The matter was a difficult one to deal with, as any severe restrictions might destroy the trade or manufacture and take away from the people the employment which gave them the means of earning a livelihood. Furthermore, such restrictions were usually resented as an infraction of personal liberty. Dr. Simon forcibly and conclusively answered this contention.
“It might,” he wrote, “be an infraction of personal liberty to interfere with a proprietor’s right to make offensive smells within the limits of his own tenement, and for his own separate inhalation, but surely it is a still greater infraction of personal liberty when the proprietor, entitled as he is to but the joint use of an atmosphere which is the common property of his neighbourhood, assumes what is equivalent to a sole possession of it, and claims the right of diffusing through it some nauseous effluvium which others, equally with himself, are thus obliged to inhale.”
Some improvement in this respect was rendered possible by the Act of 1851, which enacted that whatever trade or business might occasion noxious or offensive effluvia, or otherwise annoy the inhabitants of its neighbourhood, “shall” be required to employ the best known means for preventing or counteracting such annoyance.
But the remedy scarcely appears to have been availed of or enforced, and “greater London” was, as usual, excluded from the Act.
Another more constant pollution of the air was that resulting from intramural burial. “Overcrowding” in the “City” was not limited to the living; it extended even to the dead, and though the dead themselves had passed beyond any further possible harm from it, yet their overcrowding affected disastrously those they had left behind. Here the evils already described as existing in “greater London” existed also in acute form. Two thousand bodies or more were interred each year actually within the “City” area, and the burial grounds were densely packed. And “in all the larger parochial burying grounds, and in most others, the soil was saturated with animal matter undergoing slow decomposition.”

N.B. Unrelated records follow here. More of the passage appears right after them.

lemma expected_potential_decay:
  assumes fin: "finite V" and EV: "E \<subseteq> V \<times> V" and path: "\<forall>i<k. (p i, p (Suc i)) \<in> E"
    and \<alpha>: "\<alpha> \<le> 1" and deg: "\<forall>i<k. \<alpha> * real (out_deg E (p i)) < 1"
    and w: "\<forall>i<k. w i = 1 / (1 - \<alpha> * real (out_deg E (p i)))"
  shows "(\<integral>\<^sup>+ps. ennreal (potential w (path_front p k ps T)) \<partial>picks_pmf V E T)
           \<le> ennreal ((1 - \<alpha>) ^ T * potential w k)"
proof (induction T)
  case 0
  have "picks_pmf V E 0 = return_pmf (\<lambda>_. undefined)" by (simp add: picks_pmf_def)
  then show ?case by simp
next
  case (Suc T)
  have pot_nonneg: "0 \<le> potential w j" if "j \<le> k" for j
    using w deg that by (intro potential_nonneg) (simp add: less_imp_le)
  let ?pot = "\<lambda>T ps. ennreal (potential w (path_front p k ps T))"
  let ?extend = "\<lambda>f g x. if x \<in> {1..T} \<times> active_nodes V E then f x else g x"
  have "(\<integral>\<^sup>+ps. ?pot (Suc T) ps \<partial>picks_pmf V E (Suc T))
      = (\<integral>\<^sup>+f. \<integral>\<^sup>+g. ?pot (Suc T) (?extend f g) \<partial>round_pmf V E (Suc T) \<partial>picks_pmf V E T)"
    by (simp add: picks_pmf_Suc[OF fin] nn_integral_pair_pmf' case_prod_unfold cong: if_cong del: path_front.simps)
  also have "\<dots> \<le> (\<integral>\<^sup>+f. ennreal ((1 - \<alpha>) * potential w (path_front p k f T)) \<partial>picks_pmf V E T)"
    by (intro nn_integral_mono expected_potential_round[OF fin EV path deg w])
  also have "\<dots> = (\<integral>\<^sup>+f. ennreal (1 - \<alpha>) * ?pot T f \<partial>picks_pmf V E T)"
    using \<alpha> by (intro nn_integral_cong ennreal_mult) (auto intro: pot_nonneg path_front_le)
  also have "\<dots> = ennreal (1 - \<alpha>) * (\<integral>\<^sup>+f. ?pot T f \<partial>picks_pmf V E T)"
    by (rule nn_integral_cmult) simp
  also have "\<dots> \<le> ennreal (1 - \<alpha>) * ennreal ((1 - \<alpha>) ^ T * potential w k)"
    by (intro mult_left_mono Suc.IH) simp
  also have "\<dots> = ennreal ((1 - \<alpha>) ^ Suc T * potential w k)"
    using \<alpha> pot_nonneg[of k] by (simp add: ennreal_mult[symmetric] mult.assoc)
  finally show ?case .
qed
lemma excessive_argmin_trap:
  assumes mdp: "is_mdp P"
    and excessive: "\<And>x \<alpha>. x \<notin> G \<Longrightarrow> \<alpha> \<in> enabled P x \<Longrightarrow> (\<Sum>s'\<in>UNIV. P x \<alpha> s' * v s') \<le> v x"
    and "t \<in> avoiding_states P (enabled P) G"
  obtains B stay where "B \<noteq> {}" "\<And>x. x \<in> B \<Longrightarrow> x \<notin> G \<and> v x \<le> v t"
    "\<And>x. x \<in> B \<Longrightarrow> stay x \<in> enabled P x \<and> (\<Sum>s'\<in>UNIV. P x (stay x) s' * v s') = v x
      \<and> (\<forall>s'. P x (stay x) s' \<noteq> 0 \<longrightarrow> s' \<in> B)"
proof -
  let ?C = "avoiding_states P (enabled P) G"
  define B where "B = {x \<in> ?C. v x = Min (v ` ?C)}"
  obtain stay where stay: "\<And>x. x \<in> ?C \<Longrightarrow> stay x \<in> enabled P x \<and> (\<forall>s'. P x (stay x) s' \<noteq> 0 \<longrightarrow> s' \<in> ?C)"
    using avoiding_states_closed(2) by metis
  have subharmonic: "- v x \<le> (\<Sum>s'\<in>UNIV. P x (stay x) s' * - v s')" if "x \<in> ?C" for x
    using excessive[OF avoiding_states_closed(1)[OF that]] stay[OF that] by (simp add: sum_negf)
  have "Min (v ` ?C) \<in> v ` ?C"
    using assms(3) by (intro Min_in) auto
  then have "B \<noteq> {}"
    unfolding B_def by auto
  moreover have "x \<notin> G \<and> v x \<le> v t" if "x \<in> B" for x
    using that assms(3) avoiding_states_closed(1) unfolding B_def by auto
  moreover have "stay x \<in> enabled P x \<and> (\<Sum>s'\<in>UNIV. P x (stay x) s' * v s') = v x
      \<and> (\<forall>s'. P x (stay x) s' \<noteq> 0 \<longrightarrow> s' \<in> B)" if "x \<in> B" for x
  proof -
    have x: "x \<in> ?C" "\<And>y. y \<in> ?C \<Longrightarrow> - v y \<le> - v x"
      using that unfolding B_def by auto
    have "(\<Sum>s'\<in>UNIV. P x (stay x) s' * - v s') = - v x"
      by (rule subharmonic_argmax_closed(1)[OF mdp]) (fact stay, fact subharmonic, fact x(1), fact x(2))
    moreover have "\<forall>s'. P x (stay x) s' \<noteq> 0 \<longrightarrow> s' \<in> ?C \<and> - v s' = - v x"
      by (rule subharmonic_argmax_closed(2)[OF mdp]) (fact stay, fact subharmonic, fact x(1), fact x(2))
    ultimately show ?thesis
      using stay[OF x(1)] that unfolding B_def by (simp add: sum_negf)
  qed
  ultimately show ?thesis
    using that by blast
qed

And the vaults beneath the churches were “in many instances similarly overloaded with materials of putrefaction, and the atmosphere which should have been kept pure and without admixture for the living, was hourly tainted with the fœtid emanations of the dead….”
In Dr. Simon’s words:—
“Close beneath the feet of those who attend the services of their church there often lies an almost solid pile of decomposing human remains, heaped as high as the vaulting will permit, and generally but very partially coffined.”

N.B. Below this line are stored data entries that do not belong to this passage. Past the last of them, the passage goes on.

lemma uN_Gr: "uN z \<in> Gr"
proof -
  have "(\<lambda>s::real. uN (s *\<^sub>R z)) 1 \<in> Gr"
  proof (rule path_from_id_Gr)
    show "continuous_on {0..1} (\<lambda>s::real. uN (s *\<^sub>R z))"
      by (rule continuous_on_coordinatewise_then_product)
        (simp add: uN_def case_prod_beta, intro continuous_intros, simp)
  qed (auto simp: uN_zero uN_OQ)
  then show ?thesis by simp
qed

lemma ator_OQ: "(ator t :: ('v::euclidean_space) grp) \<in> OQ"
proof -
  have "linear (ator t :: 'v grp)"
    by (rule linearI) (auto simp: ator_def algebra_simps split: prod.splits)
  moreover have "lorQ (ator t w) = lorQ w" for w :: "'v pt"
    by (cases w) (simp add: ator_def lorQ_def exp_minus field_simps)
  ultimately show ?thesis by (simp add: OQ_def del: split_paired_All)
qed

lemma ator_zero: "ator 0 = id"
  by (auto simp: ator_def fun_eq_iff)

lemma ator_Gr: "ator t \<in> Gr"
proof -
  have "(\<lambda>s::real. ator (s * t)) 1 \<in> Gr"
  proof (rule path_from_id_Gr)
    show "continuous_on {0..1} (\<lambda>s::real. ator (s * t))"
      by (rule continuous_on_coordinatewise_then_product)
        (simp add: ator_def case_prod_beta, intro continuous_intros)
  qed (auto simp: ator_zero ator_OQ)
  then show ?thesis by simp
qed

lemma ator_eigen_exp:
  assumes "ator t w = exp t *\<^sub>R w" "t \<noteq> 0" shows "w = (fst w, 0, 0)"
proof (cases w)
  case (fields p v q)
  have "exp t \<noteq> 1" "exp (- t) \<noteq> exp t" using assms(2) by simp_all
  then show ?thesis using assms(1) fields by (auto simp: ator_def scaleR_cancel_right[of 1, simplified])
qed

lemma ator_eigen_exp_neg:
  assumes "ator t w = exp (- t) *\<^sub>R w" "t \<noteq> 0" shows "w = (0, 0, snd (snd w))"
proof (cases w)
  case (fields p v q)
  have "exp (- t) \<noteq> 1" "exp (- t) \<noteq> exp t" using assms(2) by simp_all
  then show ?thesis using assms(1) fields by (auto simp: ator_def scaleR_cancel_right[of 1, simplified])
qed

abbreviation null_inf :: "('v::euclidean_space) pt" where
  "null_inf \<equiv> (1, 0, 0)"

abbreviation base_pt :: "('v::euclidean_space) pt" where
  "base_pt \<equiv> (1, 0, 1)"

lemma Mc_fixes_null_inf:
  assumes "m \<in> Mc" shows "m null_inf = null_inf"
proof -
  have lin: "linear m" and fix_base: "m base_pt = base_pt" and "m \<circ> ator 1 = ator 1 \<circ> m"
    using assms Gr_OQ OQ_linear by (auto simp: Mc_def Kc_def)
  then have comm: "m (ator 1 w) = ator 1 (m w)" for w by (metis comp_apply)
  have "ator 1 (m null_inf) = exp 1 *\<^sub>R m null_inf"
    using comm[of null_inf] by (simp add: ator_def linear_scale[OF lin, symmetric])
  then obtain a where e: "m null_inf = (a, 0, 0)" by (metis ator_eigen_exp one_neq_zero)
  have "ator 1 (m (0,0,1)) = exp (- 1) *\<^sub>R m (0,0,1)"
    using comm[of "(0,0,1)"] by (simp add: ator_def linear_scale[OF lin, symmetric])
  then obtain c where f: "m (0,0,1) = (0, 0, c)" by (metis ator_eigen_exp_neg one_neq_zero)
  have "m null_inf + m (0,0,1) = base_pt"
    using fix_base by (simp flip: linear_add[OF lin])
  then show ?thesis by (simp add: e f)
qed

lemma Nu_fixes_null_inf: "h \<in> Nu \<Longrightarrow> h null_inf = null_inf"
  by (auto simp: Nu_def uN_def)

The Metropolitan Burials Act of 1852 effected a great improvement in this respect by putting a term to the indefinite perpetuation of this horrible evil. It gave the Secretary of State power to prohibit further intramural burials, and it gave the “City,” and other local authorities, the power to establish burial places beyond the boundaries of the metropolis. But, even when thus stopped, years had to elapse before the condition of intramural burial grounds and vaults would cease to vitiate the air around them.[41]